Task statement
Write out again, exactly, the lines below starting at the one with "1 \<Longrightarrow> x" and ending at the one with "(rule mult_left_mono) simp".

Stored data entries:
>>>

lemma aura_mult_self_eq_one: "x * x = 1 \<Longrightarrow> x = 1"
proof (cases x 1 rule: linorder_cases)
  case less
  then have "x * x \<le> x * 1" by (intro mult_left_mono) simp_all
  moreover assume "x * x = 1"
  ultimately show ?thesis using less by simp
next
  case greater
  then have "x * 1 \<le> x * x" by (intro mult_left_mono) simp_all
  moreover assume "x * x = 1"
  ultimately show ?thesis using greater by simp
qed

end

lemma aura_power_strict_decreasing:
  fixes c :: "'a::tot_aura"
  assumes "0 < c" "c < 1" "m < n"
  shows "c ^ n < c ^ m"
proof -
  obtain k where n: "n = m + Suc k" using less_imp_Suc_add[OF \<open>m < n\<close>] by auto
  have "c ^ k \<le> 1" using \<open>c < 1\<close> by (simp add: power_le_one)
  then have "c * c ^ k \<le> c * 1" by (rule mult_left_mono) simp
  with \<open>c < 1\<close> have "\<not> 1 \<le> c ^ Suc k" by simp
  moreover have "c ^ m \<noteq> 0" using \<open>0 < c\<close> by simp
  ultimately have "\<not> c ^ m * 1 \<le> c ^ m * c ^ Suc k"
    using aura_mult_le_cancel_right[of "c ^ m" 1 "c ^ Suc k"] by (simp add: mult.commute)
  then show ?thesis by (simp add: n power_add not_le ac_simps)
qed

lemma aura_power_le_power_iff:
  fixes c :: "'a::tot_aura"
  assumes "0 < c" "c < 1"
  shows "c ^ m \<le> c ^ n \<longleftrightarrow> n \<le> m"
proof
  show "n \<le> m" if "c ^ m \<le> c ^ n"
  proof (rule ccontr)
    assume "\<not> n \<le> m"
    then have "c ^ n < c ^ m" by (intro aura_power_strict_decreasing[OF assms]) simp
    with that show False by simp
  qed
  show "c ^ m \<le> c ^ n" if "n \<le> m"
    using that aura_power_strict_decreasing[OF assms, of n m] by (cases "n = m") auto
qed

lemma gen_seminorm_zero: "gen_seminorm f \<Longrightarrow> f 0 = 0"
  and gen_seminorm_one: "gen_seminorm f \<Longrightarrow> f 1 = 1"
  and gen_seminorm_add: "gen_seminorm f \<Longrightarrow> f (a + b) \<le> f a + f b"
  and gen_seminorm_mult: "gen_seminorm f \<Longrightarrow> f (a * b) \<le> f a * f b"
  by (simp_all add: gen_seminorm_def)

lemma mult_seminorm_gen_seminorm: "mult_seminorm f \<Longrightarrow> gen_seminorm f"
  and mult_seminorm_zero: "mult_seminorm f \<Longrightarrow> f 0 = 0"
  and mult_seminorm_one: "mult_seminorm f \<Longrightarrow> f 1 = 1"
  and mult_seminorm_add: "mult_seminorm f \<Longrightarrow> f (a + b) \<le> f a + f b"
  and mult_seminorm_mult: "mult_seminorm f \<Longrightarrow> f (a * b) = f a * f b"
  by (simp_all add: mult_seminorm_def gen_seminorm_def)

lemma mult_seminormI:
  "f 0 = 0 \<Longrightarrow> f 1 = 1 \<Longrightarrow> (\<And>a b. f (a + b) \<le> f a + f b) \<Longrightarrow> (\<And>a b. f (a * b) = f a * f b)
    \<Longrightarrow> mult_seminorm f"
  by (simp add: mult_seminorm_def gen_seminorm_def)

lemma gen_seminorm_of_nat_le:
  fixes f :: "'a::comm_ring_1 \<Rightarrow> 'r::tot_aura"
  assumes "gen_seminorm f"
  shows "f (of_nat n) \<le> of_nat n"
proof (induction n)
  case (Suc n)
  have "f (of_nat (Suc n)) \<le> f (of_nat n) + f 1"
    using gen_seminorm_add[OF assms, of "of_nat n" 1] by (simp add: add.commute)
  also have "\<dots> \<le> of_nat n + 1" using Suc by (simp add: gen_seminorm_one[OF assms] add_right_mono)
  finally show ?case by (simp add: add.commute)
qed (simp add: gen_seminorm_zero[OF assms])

<<<
>>>

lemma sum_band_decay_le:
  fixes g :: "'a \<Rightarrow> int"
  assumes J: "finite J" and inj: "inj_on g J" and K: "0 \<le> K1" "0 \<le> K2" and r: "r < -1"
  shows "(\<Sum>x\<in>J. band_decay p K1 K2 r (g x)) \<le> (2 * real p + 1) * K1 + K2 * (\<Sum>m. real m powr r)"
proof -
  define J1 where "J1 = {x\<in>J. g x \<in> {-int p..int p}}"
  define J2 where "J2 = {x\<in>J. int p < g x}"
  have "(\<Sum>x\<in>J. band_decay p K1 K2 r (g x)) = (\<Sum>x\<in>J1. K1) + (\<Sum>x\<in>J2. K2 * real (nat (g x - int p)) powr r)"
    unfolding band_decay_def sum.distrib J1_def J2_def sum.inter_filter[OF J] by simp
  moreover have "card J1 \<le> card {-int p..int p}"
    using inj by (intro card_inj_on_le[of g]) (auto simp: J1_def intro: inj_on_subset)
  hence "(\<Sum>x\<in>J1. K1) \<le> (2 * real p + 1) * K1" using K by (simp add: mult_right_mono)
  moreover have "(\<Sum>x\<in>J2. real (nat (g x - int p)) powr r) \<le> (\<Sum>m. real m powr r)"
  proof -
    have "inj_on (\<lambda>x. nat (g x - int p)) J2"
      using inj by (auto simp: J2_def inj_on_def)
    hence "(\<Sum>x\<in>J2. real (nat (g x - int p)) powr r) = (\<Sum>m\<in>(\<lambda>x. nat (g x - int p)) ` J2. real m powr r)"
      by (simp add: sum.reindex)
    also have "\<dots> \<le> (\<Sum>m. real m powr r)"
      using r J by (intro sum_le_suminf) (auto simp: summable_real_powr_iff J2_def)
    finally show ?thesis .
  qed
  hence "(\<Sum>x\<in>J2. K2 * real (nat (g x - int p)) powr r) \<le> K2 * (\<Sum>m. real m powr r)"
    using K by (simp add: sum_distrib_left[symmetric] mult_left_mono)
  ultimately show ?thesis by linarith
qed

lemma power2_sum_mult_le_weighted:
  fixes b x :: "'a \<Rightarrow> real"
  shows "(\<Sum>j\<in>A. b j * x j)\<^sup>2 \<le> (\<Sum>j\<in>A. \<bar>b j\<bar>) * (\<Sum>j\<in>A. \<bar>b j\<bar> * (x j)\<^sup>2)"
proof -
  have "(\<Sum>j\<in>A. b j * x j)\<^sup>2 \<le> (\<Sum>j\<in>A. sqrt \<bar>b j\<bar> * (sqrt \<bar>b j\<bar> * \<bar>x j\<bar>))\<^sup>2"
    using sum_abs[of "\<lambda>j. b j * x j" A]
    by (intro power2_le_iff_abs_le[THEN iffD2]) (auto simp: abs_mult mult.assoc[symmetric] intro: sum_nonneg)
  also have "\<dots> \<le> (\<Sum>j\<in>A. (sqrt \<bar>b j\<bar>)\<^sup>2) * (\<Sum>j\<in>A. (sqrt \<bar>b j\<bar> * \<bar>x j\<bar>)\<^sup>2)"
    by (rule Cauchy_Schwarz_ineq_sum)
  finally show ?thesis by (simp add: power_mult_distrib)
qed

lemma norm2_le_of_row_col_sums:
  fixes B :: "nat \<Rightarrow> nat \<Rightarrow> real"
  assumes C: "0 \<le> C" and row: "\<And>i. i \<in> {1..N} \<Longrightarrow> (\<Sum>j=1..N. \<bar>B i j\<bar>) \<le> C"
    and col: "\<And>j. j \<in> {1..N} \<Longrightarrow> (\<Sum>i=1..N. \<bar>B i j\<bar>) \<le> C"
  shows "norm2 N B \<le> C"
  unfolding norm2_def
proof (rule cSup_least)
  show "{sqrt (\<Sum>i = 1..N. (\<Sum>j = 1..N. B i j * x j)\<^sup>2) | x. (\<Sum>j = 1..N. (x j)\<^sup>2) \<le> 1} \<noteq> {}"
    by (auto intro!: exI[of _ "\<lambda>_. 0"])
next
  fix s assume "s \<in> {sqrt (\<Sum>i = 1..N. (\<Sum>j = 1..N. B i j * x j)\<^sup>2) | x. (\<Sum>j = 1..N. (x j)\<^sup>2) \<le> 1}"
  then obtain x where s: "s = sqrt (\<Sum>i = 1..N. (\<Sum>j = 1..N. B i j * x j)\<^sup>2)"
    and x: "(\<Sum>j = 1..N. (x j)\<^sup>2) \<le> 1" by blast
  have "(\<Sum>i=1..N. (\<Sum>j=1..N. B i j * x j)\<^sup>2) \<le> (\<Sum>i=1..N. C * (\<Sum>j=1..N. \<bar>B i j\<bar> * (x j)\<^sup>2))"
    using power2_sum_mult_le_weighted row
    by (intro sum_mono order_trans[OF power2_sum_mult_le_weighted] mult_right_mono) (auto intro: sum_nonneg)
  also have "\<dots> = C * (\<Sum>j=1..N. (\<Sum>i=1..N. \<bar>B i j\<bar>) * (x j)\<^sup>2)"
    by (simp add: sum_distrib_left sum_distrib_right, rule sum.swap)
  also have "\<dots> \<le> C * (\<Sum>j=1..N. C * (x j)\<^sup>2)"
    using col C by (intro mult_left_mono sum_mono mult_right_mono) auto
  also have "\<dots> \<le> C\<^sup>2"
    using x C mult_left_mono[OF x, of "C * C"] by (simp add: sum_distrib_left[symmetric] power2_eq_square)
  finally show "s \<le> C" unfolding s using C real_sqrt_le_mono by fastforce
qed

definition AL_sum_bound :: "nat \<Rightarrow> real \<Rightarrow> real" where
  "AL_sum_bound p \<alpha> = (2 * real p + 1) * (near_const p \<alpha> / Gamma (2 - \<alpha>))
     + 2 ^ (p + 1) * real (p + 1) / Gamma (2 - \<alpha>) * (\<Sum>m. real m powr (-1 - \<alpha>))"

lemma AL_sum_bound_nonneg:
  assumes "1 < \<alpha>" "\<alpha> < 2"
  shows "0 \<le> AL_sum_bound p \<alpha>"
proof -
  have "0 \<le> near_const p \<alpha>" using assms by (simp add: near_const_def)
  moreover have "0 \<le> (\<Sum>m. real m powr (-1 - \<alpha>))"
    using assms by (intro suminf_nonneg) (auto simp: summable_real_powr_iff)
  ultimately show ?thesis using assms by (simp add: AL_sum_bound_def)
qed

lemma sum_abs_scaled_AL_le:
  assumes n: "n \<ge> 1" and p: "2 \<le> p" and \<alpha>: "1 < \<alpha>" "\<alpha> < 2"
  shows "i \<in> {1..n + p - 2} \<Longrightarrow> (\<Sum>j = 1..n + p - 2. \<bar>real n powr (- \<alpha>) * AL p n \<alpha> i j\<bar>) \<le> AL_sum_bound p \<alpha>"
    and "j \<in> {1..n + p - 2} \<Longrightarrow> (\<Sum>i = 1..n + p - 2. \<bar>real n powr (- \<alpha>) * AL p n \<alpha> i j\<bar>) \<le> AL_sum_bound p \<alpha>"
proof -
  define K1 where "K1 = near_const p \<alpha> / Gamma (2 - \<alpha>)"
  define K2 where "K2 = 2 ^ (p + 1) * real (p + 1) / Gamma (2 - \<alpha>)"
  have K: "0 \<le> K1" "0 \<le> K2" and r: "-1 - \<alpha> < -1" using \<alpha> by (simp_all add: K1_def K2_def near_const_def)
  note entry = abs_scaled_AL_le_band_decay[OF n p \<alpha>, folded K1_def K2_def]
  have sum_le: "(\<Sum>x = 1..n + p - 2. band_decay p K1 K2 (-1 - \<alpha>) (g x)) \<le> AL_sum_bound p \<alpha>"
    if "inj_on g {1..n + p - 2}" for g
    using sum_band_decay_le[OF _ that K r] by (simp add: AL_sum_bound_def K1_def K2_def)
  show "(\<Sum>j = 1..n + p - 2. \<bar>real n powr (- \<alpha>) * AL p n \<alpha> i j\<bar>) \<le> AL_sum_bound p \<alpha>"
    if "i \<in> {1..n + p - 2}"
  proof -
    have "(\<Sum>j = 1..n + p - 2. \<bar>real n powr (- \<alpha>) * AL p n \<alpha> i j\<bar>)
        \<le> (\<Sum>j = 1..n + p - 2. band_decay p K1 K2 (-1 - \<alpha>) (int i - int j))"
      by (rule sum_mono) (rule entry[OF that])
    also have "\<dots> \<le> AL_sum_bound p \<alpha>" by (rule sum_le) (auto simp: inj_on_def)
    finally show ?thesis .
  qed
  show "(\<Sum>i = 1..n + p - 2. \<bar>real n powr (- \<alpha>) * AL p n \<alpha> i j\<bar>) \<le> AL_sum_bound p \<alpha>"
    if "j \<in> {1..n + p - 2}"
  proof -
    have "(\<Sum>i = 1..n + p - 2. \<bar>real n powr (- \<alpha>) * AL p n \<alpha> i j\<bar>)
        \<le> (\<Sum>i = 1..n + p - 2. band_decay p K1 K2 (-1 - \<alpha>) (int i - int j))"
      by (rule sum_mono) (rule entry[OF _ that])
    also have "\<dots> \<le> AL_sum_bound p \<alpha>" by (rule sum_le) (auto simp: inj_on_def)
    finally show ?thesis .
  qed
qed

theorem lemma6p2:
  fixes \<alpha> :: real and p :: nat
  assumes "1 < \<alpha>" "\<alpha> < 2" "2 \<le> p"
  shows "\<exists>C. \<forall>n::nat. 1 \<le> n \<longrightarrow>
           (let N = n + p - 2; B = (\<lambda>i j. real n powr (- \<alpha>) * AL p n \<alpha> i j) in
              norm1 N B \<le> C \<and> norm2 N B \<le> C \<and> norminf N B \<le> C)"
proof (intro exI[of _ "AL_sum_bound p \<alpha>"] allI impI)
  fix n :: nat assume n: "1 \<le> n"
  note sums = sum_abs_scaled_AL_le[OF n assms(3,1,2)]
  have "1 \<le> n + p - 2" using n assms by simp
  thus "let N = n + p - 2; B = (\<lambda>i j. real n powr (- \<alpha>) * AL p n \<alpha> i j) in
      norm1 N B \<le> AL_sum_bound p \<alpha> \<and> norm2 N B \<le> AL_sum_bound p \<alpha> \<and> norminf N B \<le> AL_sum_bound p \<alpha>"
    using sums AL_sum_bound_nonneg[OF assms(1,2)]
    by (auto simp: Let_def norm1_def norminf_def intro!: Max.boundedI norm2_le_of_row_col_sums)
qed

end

<<<

Exercise response
lemma aura_mult_self_eq_one: "x * x = 1 \<Longrightarrow> x = 1"
proof (cases x 1 rule: linorder_cases)
  case less
  then have "x * x \<le> x * 1" by (intro mult_left_mono) simp_all
  moreover assume "x * x = 1"
  ultimately show ?thesis using less by simp
next
  case greater
  then have "x * 1 \<le> x * x" by (intro mult_left_mono) simp_all
  moreover assume "x * x = 1"
  ultimately show ?thesis using greater by simp
qed

end

lemma aura_power_strict_decreasing:
  fixes c :: "'a::tot_aura"
  assumes "0 < c" "c < 1" "m < n"
  shows "c ^ n < c ^ m"
proof -
  obtain k where n: "n = m + Suc k" using less_imp_Suc_add[OF \<open>m < n\<close>] by auto
  have "c ^ k \<le> 1" using \<open>c < 1\<close> by (simp add: power_le_one)
  then have "c * c ^ k \<le> c * 1" by (rule mult_left_mono) simp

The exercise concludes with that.